Tuesday, June 17, 2008

A cutting remark

So it was half term or something recently, and I forgot, and went into town. I usually plan in advance to avoid school holidays because the shopping centre gets full of sulky teenagers and crazy parents training toddlers to shop straight out of the pushchair. It's indoors too, which is a bonus when the teenies decide to have a temper tantrum, because then they don't get their little pink velour tracksuits muddy.

The thing that really gets my goat is there's a certain type of parent who, when they see somebody in a wheelchair 500 meters away, grasp their kid by the scruff of the neck and hauls them bodily away in the opposite direction.

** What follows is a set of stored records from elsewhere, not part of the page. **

lemma regular_imp_weak_regular_double_splitting:
  assumes "regular_double_splitting n A P R S"
  shows "weak_regular_double_splitting n A P R S"
proof -
  have R: "R \<in> carrier_mat n n" and S: "S \<in> carrier_mat n n" and "nonneg_mat (mat_inv P)"
    and "nonneg_mat R" and "nonneg_mat (- S)" and ds: "double_splitting n A P R S"
    using assms unfolding regular_double_splitting_def double_splitting_def by auto
  note Q = double_splitting_mat_inv[OF ds]
  have "mat_inv P * (- S) = - (mat_inv P * S)" using Q S by (simp add: uminus_mult_right_mat)
  then show ?thesis
    using assms nonneg_mult_mat[OF Q(1) R] nonneg_mult_mat[OF Q(1), of "- S" n] S
    unfolding regular_double_splitting_def weak_regular_double_splitting_def by auto
qed

lemma exists_pos_scale_le:
  assumes "\<And>i. i < n \<Longrightarrow> 0 < x $ i" and "\<And>i. i < n \<Longrightarrow> 0 < (g :: real vec) $ i"
  obtains c where "0 < c" and "\<And>i. i < n \<Longrightarrow> c * x $ i \<le> g $ i"
proof
  let ?c = "Min (insert 1 ((\<lambda>i. g $ i / x $ i) ` {..<n}))"
  show "0 < ?c" using assms by auto
  show "?c * x $ i \<le> g $ i" if "i < n" for i
    using Min_le[of "insert 1 ((\<lambda>i. g $ i / x $ i) ` {..<n})" "g $ i / x $ i"] assms(1)[OF that] that
    by (simp add: le_divide_eq)
qed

I don't mind this kind of thing if a kid is about to run out in front of me, but when they're miles away and the parents do it for no reason, they both end up looking at me like I'm a plague carrier. Which, I'll have you know, I am not.

I feel it's this kind of behaviour that teaches kids to grow up being afraid of disability, on account of a parent's over-reaction to a disabled person's presence by clawing them out of the way - when they were never in the way in the first place. With such behaviour from a parent, how can a kid can ever accept you're just another human being going about their daily business, with not the slightest intention of mowing anyone down out of sheer gleefulness that you have a cool wheelchair and they do not.

So. Where was I? Shopping centre. Half term holidays. Big mistake. I steeled myself for the inevitable signs of fear and loathing from parents, step-parents and assorted guardians.

Soon enough, a little kid about 10 feet away from me starts being dragged to one side, and notices I'm the reason why - whereupon she twists round to the man dragging her, points straight at me and shouts;

"Hey Dad! Look at that woman's lawnmower!"

Lawnmower?!

And then the Dad, still hauling, says;

"Yes, darling!"

So somebody somewhere is letting their kid grow up thinking we're all going round on ride-on lawnmowers. He just let her think my wheelchair was a ride on bloody lawnmower. Honestly, you couldn't make it up.